● **What is expected**:
Lines from the top of the entries through the line that has "(y - x)) \<le> ?K" must be duplicated exactly, and no others.

* * * *

lemma tendsto_div_norm2_linear_compose:
  fixes M :: "real^'n^'n" and e :: "real^'n \<Rightarrow> real"
  assumes inj: "inj ((*v) M)" and lim: "((\<lambda>z. e z / (norm (z - M *v x))\<^sup>2) \<longlongrightarrow> 0) (at (M *v x))"
  shows "((\<lambda>y. e (M *v y) / (norm (y - x))\<^sup>2) \<longlongrightarrow> 0) (at x)"
proof -
  let ?K = "onorm ((*v) M)"
  have M: "((*v) M \<longlongrightarrow> M *v x) (at x)"
    by (rule bounded_linear.tendsto[OF matrix_vector_mul_bounded_linear tendsto_ident_at])
  have "\<forall>\<^sub>F y in at x. M *v y = M *v x \<longrightarrow> e (M *v x) / (norm (M *v x - M *v x))\<^sup>2 = 0"
    by simp
  from tendsto_compose_at[OF M lim this]
  have "((\<lambda>y. e (M *v y) / (norm (M *v y - M *v x))\<^sup>2) \<longlongrightarrow> 0) (at x)"
    unfolding comp_def .
  then have bound0: "((\<lambda>y. \<bar>e (M *v y) / (norm (M *v y - M *v x))\<^sup>2\<bar> * ?K\<^sup>2) \<longlongrightarrow> 0) (at x)"
    by (intro tendsto_mult_left_zero tendsto_rabs_zero)
  have "\<bar>e (M *v y) / (norm (y - x))\<^sup>2\<bar> \<le> \<bar>e (M *v y) / (norm (M *v y - M *v x))\<^sup>2\<bar> * ?K\<^sup>2"
    if "y \<noteq> x" for y
  proof -
    have Md: "M *v y - M *v x = M *v (y - x)" and "M *v (y - x) \<noteq> 0"
      using that inj by (auto simp: matrix_vector_mult_diff_distrib dest: injD)
    have "norm (M *v (y - x)) \<le> ?K * norm (y - x)"
      by (rule onorm[OF matrix_vector_mul_bounded_linear])
    then have "(norm (M *v (y - x)))\<^sup>2 \<le> (?K * norm (y - x))\<^sup>2"
      by (rule power_mono) simp
    then have "(norm (M *v (y - x)))\<^sup>2 \<le> ?K\<^sup>2 * (norm (y - x))\<^sup>2"
      by (simp only: power_mult_distrib)
    then have "\<bar>e (M *v y)\<bar> * (norm (M *v (y - x)))\<^sup>2 \<le> \<bar>e (M *v y)\<bar> * (?K\<^sup>2 * (norm (y - x))\<^sup>2)"
      by (rule mult_left_mono) simp
    with \<open>M *v (y - x) \<noteq> 0\<close> that show ?thesis
      unfolding Md by (simp add: abs_divide field_simps)
  qed
  then show ?thesis
    by (intro Lim_null_comparison[OF _ bound0]) (auto simp: eventually_at_filter)
qed

lemma alex_hess_linear_compose:
  fixes M :: "real^'n^'n"
  assumes M: "invertible M" and A: "alex_hess \<psi> (M *v x) A"
  shows "alex_hess (\<lambda>y. \<psi> (M *v y)) x (transpose M ** A ** M)"
    and "grad (\<lambda>y. \<psi> (M *v y)) x = transpose M *v grad \<psi> (M *v x)"
proof -
  let ?\<phi> = "\<lambda>y. real_of_ereal (\<psi> y)"
  have inj: "inj ((*v) M)"
    by (rule inj_matrix_vector_mult[OF M])
  have "((\<lambda>y. taylor2_remainder (\<lambda>y. ?\<phi> (M *v y)) x (transpose M *v grad \<psi> (M *v x))
      (transpose M ** A ** M) y / (norm (y - x))\<^sup>2) \<longlongrightarrow> 0) (at x)"
    unfolding taylor2_remainder_linear_compose[of ?\<phi>]
    by (rule tendsto_div_norm2_linear_compose[OF inj alex_hess_taylor2_grad[OF A]])
  note lim = this
  then show "grad (\<lambda>y. \<psi> (M *v y)) x = transpose M *v grad \<psi> (M *v x)"
    by (intro grad_eqI has_derivative_if_taylor2_remainder)
  have "open ((*v) M -` interior (edom \<psi>))"
    by (intro open_vimage linear_continuous_on matrix_vector_mul_bounded_linear) auto
  moreover have "(*v) M -` interior (edom \<psi>) \<subseteq> edom (\<lambda>y. \<psi> (M *v y))"
    using interior_subset[of "edom \<psi>"] by (auto simp: edom_def)
  ultimately have "x \<in> interior (edom (\<lambda>y. \<psi> (M *v y)))"
    using A by (intro interiorI) (auto simp: alex_hess_iff)
  moreover have "transpose (transpose M ** A ** M) = transpose M ** A ** M"
    using A by (simp add: alex_hess_iff matrix_transpose_mul matrix_mul_assoc)
  ultimately show "alex_hess (\<lambda>y. \<psi> (M *v y)) x (transpose M ** A ** M)"
    using lim unfolding alex_hess_iff by blast
qed

lemma Xset_linear_compose_iff:
  fixes M :: "real^'n^'n"
  assumes M: "invertible M"
  shows "x \<in> Xset (\<lambda>y. \<psi> (M *v y)) \<longleftrightarrow> M *v x \<in> Xset \<psi>"
proof -
  obtain M' where M': "M ** M' = mat 1" "M' ** M = mat 1"
    using M unfolding invertible_def by blast
  then have "invertible M'"
    unfolding invertible_def by blast
  have hess_iff: "(\<exists>A. alex_hess (\<lambda>y. \<psi> (M *v y)) x A) \<longleftrightarrow> (\<exists>A. alex_hess \<psi> (M *v x) A)"
  proof
    assume "\<exists>A. alex_hess (\<lambda>y. \<psi> (M *v y)) x A"
    then obtain A where "alex_hess (\<lambda>y. \<psi> (M *v y)) (M' *v (M *v x)) A"
      by (auto simp: matrix_vector_mul_assoc M'(2))
    from alex_hess_linear_compose(1)[OF \<open>invertible M'\<close> this]
    show "\<exists>A. alex_hess \<psi> (M *v x) A"
      by (auto simp: matrix_vector_mul_assoc M'(1))
  qed (use alex_hess_linear_compose(1)[OF M] in blast)
  have "invertible (hess (\<lambda>y. \<psi> (M *v y)) x) \<longleftrightarrow> invertible (hess \<psi> (M *v x))"
    if "alex_hess \<psi> (M *v x) A" for A
  proof -
    have "hess (\<lambda>y. \<psi> (M *v y)) x = transpose M ** hess \<psi> (M *v x) ** M"
      using hess_eqI[OF alex_hess_linear_compose(1)[OF M that]] hess_eqI[OF that] by simp
    moreover have "det M \<noteq> 0"
      using M by (simp add: invertible_det_nz)
    ultimately show ?thesis
      by (simp add: invertible_det_nz det_mul det_transpose)
  qed
  then show ?thesis
    unfolding Xset_def using hess_iff by auto
qed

* * * *

● **Exercise answer**:
lemma tendsto_div_norm2_linear_compose:
  fixes M :: "real^'n^'n" and e :: "real^'n \<Rightarrow> real"
  assumes inj: "inj ((*v) M)" and lim: "((\<lambda>z. e z / (norm (z - M *v x))\<^sup>2) \<longlongrightarrow> 0) (at (M *v x))"
  shows "((\<lambda>y. e (M *v y) / (norm (y - x))\<^sup>2) \<longlongrightarrow> 0) (at x)"
proof -
  let ?K = "onorm ((*v) M)"
  have M: "((*v) M \<longlongrightarrow> M *v x) (at x)"
    by (rule bounded_linear.tendsto[OF matrix_vector_mul_bounded_linear tendsto_ident_at])
  have "\<forall>\<^sub>F y in at x. M *v y = M *v x \<longrightarrow> e (M *v x) / (norm (M *v x - M *v x))\<^sup>2 = 0"
    by simp
  from tendsto_compose_at[OF M lim this]
  have "((\<lambda>y. e (M *v y) / (norm (M *v y - M *v x))\<^sup>2) \<longlongrightarrow> 0) (at x)"
    unfolding comp_def .
  then have bound0: "((\<lambda>y. \<bar>e (M *v y) / (norm (M *v y - M *v x))\<^sup>2\<bar> * ?K\<^sup>2) \<longlongrightarrow> 0) (at x)"
    by (intro tendsto_mult_left_zero tendsto_rabs_zero)
  have "\<bar>e (M *v y) / (norm (y - x))\<^sup>2\<bar> \<le> \<bar>e (M *v y) / (norm (M *v y - M *v x))\<^sup>2\<bar> * ?K\<^sup>2"
    if "y \<noteq> x" for y
  proof -
    have Md: "M *v y - M *v x = M *v (y - x)" and "M *v (y - x) \<noteq> 0"
      using that inj by (auto simp: matrix_vector_mult_diff_distrib dest: injD)
    have "norm (M *v (y - x)) \<le> ?K * norm (y - x)"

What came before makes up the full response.